Task: Report every line below that carries the word "subset".

==== Data provided ====

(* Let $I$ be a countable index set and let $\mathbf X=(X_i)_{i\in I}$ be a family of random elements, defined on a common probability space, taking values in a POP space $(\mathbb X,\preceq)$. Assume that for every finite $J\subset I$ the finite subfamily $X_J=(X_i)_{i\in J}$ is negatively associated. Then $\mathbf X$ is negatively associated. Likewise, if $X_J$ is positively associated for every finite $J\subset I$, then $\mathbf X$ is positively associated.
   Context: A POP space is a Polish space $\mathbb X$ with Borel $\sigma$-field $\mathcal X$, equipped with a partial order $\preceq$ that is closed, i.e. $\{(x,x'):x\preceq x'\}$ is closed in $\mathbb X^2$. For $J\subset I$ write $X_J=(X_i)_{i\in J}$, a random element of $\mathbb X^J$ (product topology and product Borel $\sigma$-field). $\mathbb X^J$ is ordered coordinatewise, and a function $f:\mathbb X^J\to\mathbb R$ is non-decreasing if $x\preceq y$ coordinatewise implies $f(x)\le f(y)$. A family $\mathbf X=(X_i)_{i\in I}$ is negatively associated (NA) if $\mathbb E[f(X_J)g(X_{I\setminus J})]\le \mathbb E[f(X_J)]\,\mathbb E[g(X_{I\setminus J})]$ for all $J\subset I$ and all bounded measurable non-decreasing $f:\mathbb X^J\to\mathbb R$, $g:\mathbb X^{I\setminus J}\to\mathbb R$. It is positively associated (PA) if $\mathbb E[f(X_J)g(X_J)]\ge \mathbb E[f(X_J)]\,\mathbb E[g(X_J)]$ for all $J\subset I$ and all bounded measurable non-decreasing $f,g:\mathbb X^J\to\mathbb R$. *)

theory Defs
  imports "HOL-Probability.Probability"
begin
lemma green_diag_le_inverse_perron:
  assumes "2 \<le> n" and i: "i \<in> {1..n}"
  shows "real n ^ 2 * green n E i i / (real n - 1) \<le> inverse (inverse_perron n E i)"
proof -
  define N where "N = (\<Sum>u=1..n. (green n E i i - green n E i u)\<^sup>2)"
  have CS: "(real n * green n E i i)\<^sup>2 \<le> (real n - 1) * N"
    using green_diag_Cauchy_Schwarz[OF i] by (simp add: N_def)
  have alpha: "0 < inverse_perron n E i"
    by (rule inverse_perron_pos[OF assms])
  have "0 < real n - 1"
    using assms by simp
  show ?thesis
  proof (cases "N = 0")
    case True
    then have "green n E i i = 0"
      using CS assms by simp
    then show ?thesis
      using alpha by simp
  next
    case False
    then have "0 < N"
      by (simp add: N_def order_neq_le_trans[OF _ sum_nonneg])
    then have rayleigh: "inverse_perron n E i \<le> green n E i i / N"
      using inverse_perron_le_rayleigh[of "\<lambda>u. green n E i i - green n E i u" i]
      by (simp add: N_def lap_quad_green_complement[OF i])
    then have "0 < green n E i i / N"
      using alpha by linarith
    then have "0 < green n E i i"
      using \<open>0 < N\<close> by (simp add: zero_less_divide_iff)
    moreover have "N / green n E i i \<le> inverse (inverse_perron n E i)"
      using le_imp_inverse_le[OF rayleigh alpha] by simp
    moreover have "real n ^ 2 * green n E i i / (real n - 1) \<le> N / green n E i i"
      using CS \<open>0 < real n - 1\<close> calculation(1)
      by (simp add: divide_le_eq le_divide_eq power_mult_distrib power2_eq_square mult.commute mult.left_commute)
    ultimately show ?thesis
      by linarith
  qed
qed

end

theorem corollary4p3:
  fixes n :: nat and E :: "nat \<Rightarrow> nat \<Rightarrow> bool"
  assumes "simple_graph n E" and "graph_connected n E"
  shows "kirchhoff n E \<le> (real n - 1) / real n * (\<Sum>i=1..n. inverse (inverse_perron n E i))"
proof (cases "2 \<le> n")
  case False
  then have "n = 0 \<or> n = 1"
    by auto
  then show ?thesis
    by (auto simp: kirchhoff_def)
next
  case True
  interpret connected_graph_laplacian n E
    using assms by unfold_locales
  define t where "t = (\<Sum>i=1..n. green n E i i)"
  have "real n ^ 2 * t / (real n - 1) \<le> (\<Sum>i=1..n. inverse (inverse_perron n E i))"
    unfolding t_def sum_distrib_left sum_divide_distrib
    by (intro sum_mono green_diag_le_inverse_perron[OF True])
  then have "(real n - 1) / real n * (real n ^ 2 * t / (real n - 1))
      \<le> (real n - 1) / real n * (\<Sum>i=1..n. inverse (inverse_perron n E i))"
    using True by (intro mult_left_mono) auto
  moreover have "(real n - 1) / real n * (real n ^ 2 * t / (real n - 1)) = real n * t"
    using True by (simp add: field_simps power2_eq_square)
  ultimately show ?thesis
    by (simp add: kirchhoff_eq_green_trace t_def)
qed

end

====

Reply:
(* Let $I$ be a countable index set and let $\mathbf X=(X_i)_{i\in I}$ be a family of random elements, defined on a common probability space, taking values in a POP space $(\mathbb X,\preceq)$. Assume that for every finite $J\subset I$ the finite subfamily $X_J=(X_i)_{i\in J}$ is negatively associated. Then $\mathbf X$ is negatively associated. Likewise, if $X_J$ is positively associated for every finite $J\subset I$, then $\mathbf X$ is positively associated.
   Context: A POP space is a Polish space $\mathbb X$ with Borel $\sigma$-field $\mathcal X$, equipped with a partial order $\preceq$ that is closed, i.e. $\{(x,x'):x\preceq x'\}$ is closed in $\mathbb X^2$. For $J\subset I$ write $X_J=(X_i)_{i\in J}$, a random element of $\mathbb X^J$ (product topology and product Borel $\sigma$-field). $\mathbb X^J$ is ordered coordinatewise, and a function $f:\mathbb X^J\to\mathbb R$ is non-decreasing if $x\preceq y$ coordinatewise implies $f(x)\le f(y)$. A family $\mathbf X=(X_i)_{i\in I}$ is negatively associated (NA) if $\mathbb E[f(X_J)g(X_{I\setminus J})]\le \mathbb E[f(X_J)]\,\mathbb E[g(X_{I\setminus J})]$ for all $J\subset I$ and all bounded measurable non-decreasing $f:\mathbb X^J\to\mathbb R$, $g:\mathbb X^{I\setminus J}\to\mathbb R$. It is positively associated (PA) if $\mathbb E[f(X_J)g(X_J)]\ge \mathbb E[f(X_J)]\,\mathbb E[g(X_J)]$ for all $J\subset I$ and all bounded measurable non-decreasing $f,g:\mathbb X^J\to\mathbb R$. *)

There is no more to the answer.